Even more important, Macquarie realized the key to keeping order in the colony was to treat the convicts as men and women, rather than as beasts of burden. He argued to his superiors in London that “emancipation” was “the greatest inducement that can be held out to the Reformation of Manners of the Inhabitants.” He met every arriving convict ship personally and reminded the prisoners that while they had an obligation to obey their warders and employers, they also had rights. He would tell them “what a fine fruitful country they are come to,” remembered one convict who first saw Macquarie standing on the dock with the medical examiner and garrison commander, “and what he will do for them if their conduct merits it.”
Macquarie set most of the convicts, almost two-thirds of the skilled ones, to sprucing up Sydney. They cleared away the garbage, put a proper road through the center of town, rebuilt the government buildings, and built permanent churches as well as schools, houses, hospitals, and squares. One of Mac
quarie’s prisoners turned out to be a former student of the celebrated Regency architect John Nash. Macquarie’s wife had brought with her a book of buildings and town designs. Like James Craig laying out Edinburgh’s New Town, the trio not only redesigned Sydney, but also constructed a series of townships in the surrounding territory, all in the metropolitan neoclassical style Robert Adam had established and Nash had embellished.
Macquarie also expanded the colony from its now-overcrowded enclave. He encouraged his team of cartographers and explorers to push north of Sydney, where they found the great fertile Liverpool Plains in 1818, and southwest into what is now Victoria. He contracted sixty convicts to build a road across the Blue Mountains, which locals and aborigines said were impassable. If they could do it in six months, he told them, they would be free. The convicts built the entire route, all 126 miles of it, in the time allotted, and Macquarie was as good as his word. It was proof, he told his superiors, of what could be accomplished by using incentives instead of coercion, through the work of free men rather than slave labor—the same point Adam Smith had made in the Wealth of Nations nearly forty years earlier.

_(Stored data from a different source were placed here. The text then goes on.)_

(* There exists an injective $\mathbb C(q)$-algebra homomorphism $\theta:(U^0_{ev})^W\to R(\mathfrak g)$ such that $\theta\bigl(\sum_{\omega\in W}K^{\omega(\alpha)}\bigr)=\sum_{\omega\in W}e^{\omega(\alpha/2)}$ for all $\alpha\in Q\cap2\Lambda$. Moreover, the image of $\theta$ is the $\mathbb C(q)$-span of $\{\chi(L(\lambda)):\lambda\in\Psi\}$.
   Context: $\mathfrak g$ is a finite-dimensional simple complex Lie algebra with root lattice $Q$, weight lattice $\Lambda$, dominant integral weights $\Lambda^+$ and Weyl group $W$. $U^0$ is the group algebra of $Q$ over $\mathbb C(q)$ ($q$ an indeterminate) with basis $\{K^\alpha\}_{\alpha\in Q}$, $K^\alpha K^\beta=K^{\alpha+\beta}$, and $W$ acts by $\omega\cdot K^\alpha=K^{\omega(\alpha)}$; $U^0_{ev}=\bigoplus_{\alpha\in Q\cap 2\Lambda}\mathbb C(q)K^\alpha$ and $(U^0_{ev})^W$ its $W$-invariants. Let $\mathbb C(q)[\Lambda]$ be the group algebra of $\Lambda$ with basis $\{e^\mu\}_{\mu\in\Lambda}$. For $\lambda\in\Lambda^+$, $L(\lambda)$ is the irreducible finite-dimensional $\mathfrak g$-module of highest weight $\lambda$ and $\chi(L(\lambda))=\sum_\mu\dim L(\lambda)_\mu e^\mu$ its character. $R(\mathfrak g)=\mathbb C(q)\otimes_{\mathbb Z}r(\mathfrak g)$, where $r(\mathfrak g)$ is the representation (character) ring of $\mathfrak g$ with $\mathbb Z$-basis $\{\chi(L(\lambda)):\lambda\in\Lambda^+\}$; it is identified with the $\mathbb C(q)$-subalgebra of $\mathbb C(q)[\Lambda]$ spanned by these characters. $\Psi=\{\lambda\in\Lambda^+:2\lambda\in Q\}$. *)

theory Defs
  imports "HOL-Analysis.Analysis" "HOL-Library.Poly_Mapping"
    "HOL-Computational_Algebra.Polynomial" "HOL-Computational_Algebra.Fraction_Field"
begin

text \<open>The ground field C(q): rational functions in one indeterminate over the complex numbers.\<close>
type_synonym Cq = "complex poly fract"

text \<open>Ambient Euclidean space V = real^'n carrying the root system; the group algebra
  C(q)[V] (finitely supported functions V to C(q), convolution product) contains both
  U^0 = C(q)[Q] (with K^alpha = single alpha 1) and C(q)[Lambda] (with e^mu = single mu 1).\<close>
type_synonym 'n gring = "(real^'n::finite) \<Rightarrow>\<^sub>0 Cq"

definition gexp :: "real^'n::finite \<Rightarrow> 'n gring" where
  "gexp mu = Poly_Mapping.single mu 1"

definition scal :: "Cq \<Rightarrow> ('n::finite) gring \<Rightarrow> 'n gring" where
  "scal c x = Poly_Mapping.single 0 c * x"

definition refl :: "real^'n::finite \<Rightarrow> real^'n \<Rightarrow> real^'n" where
  "refl a v = v - (2 * (v \<bullet> a) / (a \<bullet> a)) *\<^sub>R a"

definition root_system :: "(real^'n::finite) set \<Rightarrow> bool" where
  "root_system R \<longleftrightarrow> finite R \<and> 0 \<notin> R \<and> span R = UNIV \<and>
     (\<forall>a\<in>R. \<forall>b\<in>R. refl a b \<in> R) \<and>
     (\<forall>a\<in>R. \<forall>b\<in>R. 2 * (b \<bullet> a) / (a \<bullet> a) \<in> \<int>) \<and>
     (\<forall>a\<in>R. \<forall>c::real. c *\<^sub>R a \<in> R \<longrightarrow> c = 1 \<or> c = -1)"

definition irreducible_rs :: "(real^'n::finite) set \<Rightarrow> bool" where
  "irreducible_rs R \<longleftrightarrow> \<not> (\<exists>R1 R2. R1 \<noteq> {} \<and> R2 \<noteq> {} \<and> R = R1 \<union> R2 \<and>
     (\<forall>a\<in>R1. \<forall>b\<in>R2. a \<bullet> b = 0))"

definition is_base :: "(real^'n::finite) set \<Rightarrow> (real^'n) set \<Rightarrow> bool" where
  "is_base R D \<longleftrightarrow> D \<subseteq> R \<and> independent D \<and>
     (\<forall>b\<in>R. \<exists>c::real^'n \<Rightarrow> int. b = (\<Sum>a\<in>D. of_int (c a) *\<^sub>R a) \<and>
        ((\<forall>a\<in>D. c a \<ge> 0) \<or> (\<forall>a\<in>D. c a \<le> 0)))"

definition pos_roots :: "(real^'n::finite) set \<Rightarrow> (real^'n) set \<Rightarrow> (real^'n) set" where
  "pos_roots R D = {b\<in>R. \<exists>c::real^'n \<Rightarrow> int. b = (\<Sum>a\<in>D. of_int (c a) *\<^sub>R a) \<and>
        (\<forall>a\<in>D. c a \<ge> 0)}"

definition rho :: "(real^'n::finite) set \<Rightarrow> (real^'n) set \<Rightarrow> real^'n" where
  "rho R D = (1/2) *\<^sub>R (\<Sum>b\<in>pos_roots R D. b)"

definition root_lattice :: "(real^'n::finite) set \<Rightarrow> (real^'n) set" where
  "root_lattice R = {v. \<exists>c::real^'n \<Rightarrow> int. v = (\<Sum>a\<in>R. of_int (c a) *\<^sub>R a)}"

definition weight_lattice :: "(real^'n::finite) set \<Rightarrow> (real^'n) set" where
  "weight_lattice R = {v. \<forall>a\<in>R. 2 * (v \<bullet> a) / (a \<bullet> a) \<in> \<int>}"

definition dominant :: "(real^'n::finite) set \<Rightarrow> (real^'n) set \<Rightarrow> (real^'n) set" where
  "dominant R D = {v \<in> weight_lattice R. \<forall>a\<in>D. v \<bullet> a \<ge> 0}"

inductive_set weyl_group :: "(real^'n::finite) set \<Rightarrow> (real^'n \<Rightarrow> real^'n) set" for R where
  id: "id \<in> weyl_group R"
| step: "w \<in> weyl_group R \<Longrightarrow> a \<in> R \<Longrightarrow> refl a \<circ> w \<in> weyl_group R"

definition wsgn :: "(real^'n::finite \<Rightarrow> real^'n) \<Rightarrow> Cq" where
  "wsgn w = (if det (matrix w) > 0 then 1 else -1)"

definition alt :: "(real^'n::finite) set \<Rightarrow> real^'n \<Rightarrow> 'n gring" where
  "alt R mu = (\<Sum>w\<in>weyl_group R. scal (wsgn w) (gexp (w mu)))"

text \<open>Character chi(L(lambda)), via the Weyl character formula
  chi(L(lambda)) * A_rho = A_(lambda+rho).\<close>
definition character :: "(real^'n::finite) set \<Rightarrow> (real^'n) set \<Rightarrow> real^'n \<Rightarrow> 'n gring" where
  "character R D lam = (THE f. f * alt R (rho R D) = alt R (lam + rho R D))"

definition cspan :: "'n::finite gring set \<Rightarrow> 'n gring set" where
  "cspan S = {x. \<exists>F c. finite F \<and> F \<subseteq> S \<and> x = (\<Sum>f\<in>F. scal (c f) f)}"

definition rep_ring :: "(real^'n::finite) set \<Rightarrow> (real^'n) set \<Rightarrow> 'n gring set" where
  "rep_ring R D = cspan (character R D ` dominant R D)"

definition even_lattice :: "(real^'n::finite) set \<Rightarrow> (real^'n) set" where
  "even_lattice R = root_lattice R \<inter> (\<lambda>v. 2 *\<^sub>R v) ` weight_lattice R"

definition U0ev_W :: "(real^'n::finite) set \<Rightarrow> 'n gring set" where
  "U0ev_W R = {x. Poly_Mapping.keys x \<subseteq> even_lattice R \<and>
     (\<forall>w\<in>weyl_group R. \<forall>mu. Poly_Mapping.lookup x (w mu) = Poly_Mapping.lookup x mu)}"

definition Psi :: "(real^'n::finite) set \<Rightarrow> (real^'n) set \<Rightarrow> (real^'n) set" where
  "Psi R D = {lam \<in> dominant R D. 2 *\<^sub>R lam \<in> root_lattice R}"

end

theory Submission
  imports Defs
begin

text \<open>
  The map \<theta> is the pushforward of finitely supported functions along v \<mapsto> v/2, that is
  e^\<mu> \<mapsto> e^(\<mu>/2). It is visibly an injective algebra homomorphism sending orbit sums to orbit
  sums, and it identifies (U^0_ev)^W with the W-invariant elements f supported on
  {\<mu> \<in> \<Lambda>. 2\<mu> \<in> Q}. For such f, the product f A_\<rho> with the Weyl denominator A_\<rho> is
  alternating, hence a combination of alternants A_\<mu> with \<mu> strictly dominant, and every such
  \<mu> has \<mu> - \<rho> \<in> \<Psi>. Since \<chi>(L(\<mu> - \<rho>)) A_\<rho> = A_\<mu> and multiplication by A_\<rho> is injective
  (the key of f that maximises the pairing with \<rho> survives in f A_\<rho>), f is a combination of
  the characters \<chi>(L(\<lambda>)), \<lambda> \<in> \<Psi>; conversely these characters are W-invariant and
  supported on \<lambda> + Q.

  The characters are given by a definite description, so they must be shown to exist: by
  induction along the dominance order, (orbit sum of \<lambda>) A_\<rho> is A_(\<lambda>+\<rho>) plus alternants of
  strictly dominant weights \<mu> with \<mu> - \<rho> strictly below \<lambda>, whose characters exist already.
\<close>

section \<open>Reflections\<close>

definition copair :: "real^'n::finite \<Rightarrow> real^'n \<Rightarrow> real" where
  "copair v a = 2 * (v \<bullet> a) / (a \<bullet> a)"
lemma psi_vec_eq_rho:
  assumes "distinct (map fst V)"
    and weights: "\<And>p. p \<in> set V \<Longrightarrow> snd p = weight_above l q A lam (fst p)"
    and cols: "colset l q A \<subseteq> set (map fst V)" and inj: "inj_on (col l A) {..<q}"
  shows "psi_vec V = vec (length V) (\<lambda>k. rho l q A lam (fst (V ! k)))"
proof (rule psi_vec_eq[OF assms(1)])
  fix i assume "i < length V"
  then have "snd (V ! i) = weight_above l q A lam (fst (V ! i))"
    using weights by simp
  also have "\<dots> = (\<Sum>k<length V.
      if fst (V ! i) \<le> map fst V ! k then rho l q A lam (map fst V ! k) else 0)"
    using weight_above_eq_sum_rho[OF assms(1) cols inj] by simp
  also have "\<dots> = (\<Sum>k<length V.
      if fst (V ! i) \<le> fst (V ! k) then vec (length V) (\<lambda>k. rho l q A lam (fst (V ! k))) $ k else 0)"
    by (intro sum.cong refl) simp
  finally show "snd (V ! i) = \<dots>" .
qed simp

lemma positive_psi_vec_eq_colset:
  assumes psi: "psi_vec V = vec (length V) (\<lambda>k. rho l q A lam (fst (V ! k)))"
    and cols: "colset l q A \<subseteq> set (map fst V)"
    and inj: "inj_on (col l A) {..<q}" and pos: "\<And>j. j < q \<Longrightarrow> lam j > 0"
  shows "{fst (V ! i) | i. i < length V \<and> psi_vec V $ i > 0} = colset l q A"
proof
  show "{fst (V ! i) | i. i < length V \<and> psi_vec V $ i > 0} \<subseteq> colset l q A"
    using psi rho_pos_iff[OF inj pos] by auto
  show "colset l q A \<subseteq> {fst (V ! i) | i. i < length V \<and> psi_vec V $ i > 0}"
  proof
    fix u assume u: "u \<in> colset l q A"
    with cols have "u \<in> set (map fst V)" by blast
    then obtain i where i: "i < length V" "fst (V ! i) = u"
      unfolding in_set_conv_nth by auto
    with psi u rho_pos_iff[OF inj pos] have "psi_vec V $ i > 0" by auto
    with i show "u \<in> {fst (V ! i) | i. i < length V \<and> psi_vec V $ i > 0}" by blast
  qed
qed

lemma alg_result_weight_above:
  assumes V: "alg_result l ph V"
    and ph: "\<And>w. w \<in> binvecs0 l \<Longrightarrow> ph w = weight_above l q A lam w"
    and pos: "\<And>j. j < q \<Longrightarrow> lam j > 0"
    and binary: "\<And>i j. i < l \<Longrightarrow> j < q \<Longrightarrow> A i j \<in> {0, 1}"
    and inj: "inj_on (col l A) {..<q}"
    and nonzero: "\<And>j. j < q \<Longrightarrow> col l A j \<noteq> (\<lambda>_. 0)"
  shows "set V = {(w, ph w) | w. w \<in> binvecs0 l \<and> ph w > 0}"
    and "{fst (V ! i) | i. i < length V \<and> psi_vec V $ i > 0} = colset l q A"
    and "\<forall>i < length V. psi_vec V $ i = rho l q A lam (fst (V ! i))"
proof -
  have down: "ph u > 0" if "u \<in> binvecs0 l" "w \<in> binvecs0 l" "u \<le> w" "ph w > 0" for u w
    using that by (auto simp: ph weight_above_pos_iff[OF pos] intro: order_trans)
  show set_V: "set V = {(w, ph w) | w. w \<in> binvecs0 l \<and> ph w > 0}"
    using V down by (rule alg_result_set)
  have "distinct (map fst V)"
    using V down by (rule alg_result_set)
  moreover have "snd p = weight_above l q A lam (fst p)" if "p \<in> set V" for p
    using that set_V ph by auto
  moreover have cols: "colset l q A \<subseteq> set (map fst V)"
    using set_V ph pos binary nonzero by (rule colset_subset_visited)
  ultimately have psi: "psi_vec V = vec (length V) (\<lambda>k. rho l q A lam (fst (V ! k)))"
    using inj by (rule psi_vec_eq_rho)
  then show "{fst (V ! i) | i. i < length V \<and> psi_vec V $ i > 0} = colset l q A"
    using cols inj pos by (rule positive_psi_vec_eq_colset)
  from psi show "\<forall>i < length V. psi_vec V $ i = rho l q A lam (fst (V ! i))"
    by simp
qed

theorem proposition6:
  fixes M :: "'a measure" and X :: "nat \<Rightarrow> 'a \<Rightarrow> nat" and lam :: "nat \<Rightarrow> real"
    and l q :: nat and A :: "nat \<Rightarrow> nat \<Rightarrow> nat"
  assumes "prob_space M"
    and "\<And>j. j < q \<Longrightarrow> X j \<in> measurable M (count_space UNIV)"
    and "\<And>j. j < q \<Longrightarrow> lam j > 0"
    and "\<And>j. j < q \<Longrightarrow> distr M (count_space UNIV) (X j) = measure_pmf (poisson_pmf (lam j))"
    and "prob_space.indep_vars M (\<lambda>_. count_space UNIV) X {..<q}"
    and "\<And>i j. i < l \<Longrightarrow> j < q \<Longrightarrow> A i j \<in> {0, 1}"
    and "inj_on (col l A) {..<q}"
    and "\<And>j. j < q \<Longrightarrow> col l A j \<noteq> (\<lambda>_. 0)"
  shows "(\<exists>V. alg_result l (phi M l (Yvec q A X)) V) \<and>
    (\<forall>V. alg_result l (phi M l (Yvec q A X)) V \<longrightarrow>
       set V = {(w, phi M l (Yvec q A X) w) | w. w \<in> binvecs0 l \<and> phi M l (Yvec q A X) w > 0}
     \<and> {fst (V ! i) | i. i < length V \<and> psi_vec V $ i > 0} = colset l q A
     \<and> (\<forall>i < length V. fst (V ! i) \<in> colset l q A \<longrightarrow>
          psi_vec V $ i = rho l q A lam (fst (V ! i))))"
  using alg_result_exists
    alg_result_weight_above[OF _ phi_Yvec_Poisson[OF assms(1-6)] assms(3,6-8)]
  by blast

end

Macquarie raised the quality of life in Sydney even as he cut costs. He even tried to find ways to assimilate Australia’s aborigines into the new community he was creating. However, his fair-minded treatment of the convicts, and his insistence that “emancipated” workers receive the same rights and benefits as other citizens of Sydney, grated on locals who were used to having their own way with convict labor (among them, it must be admitted, John MacArthur). Eventually they turned his superiors against him, and Macquarie, worn out and disappointed, returned to England in 1821. He had served longer than any other governor in Australia’s short history, almost eleven years. His successor, yet another Scot named Thomas Brisbane, was sent to reimpose the harsh discipline of the pre-Macquarie days. But he soon discovered this was impossible. Change had caught up with the penal colony, and the Emancipants, as freed convicts were called, were now embedded in the fabric of New South Wales society.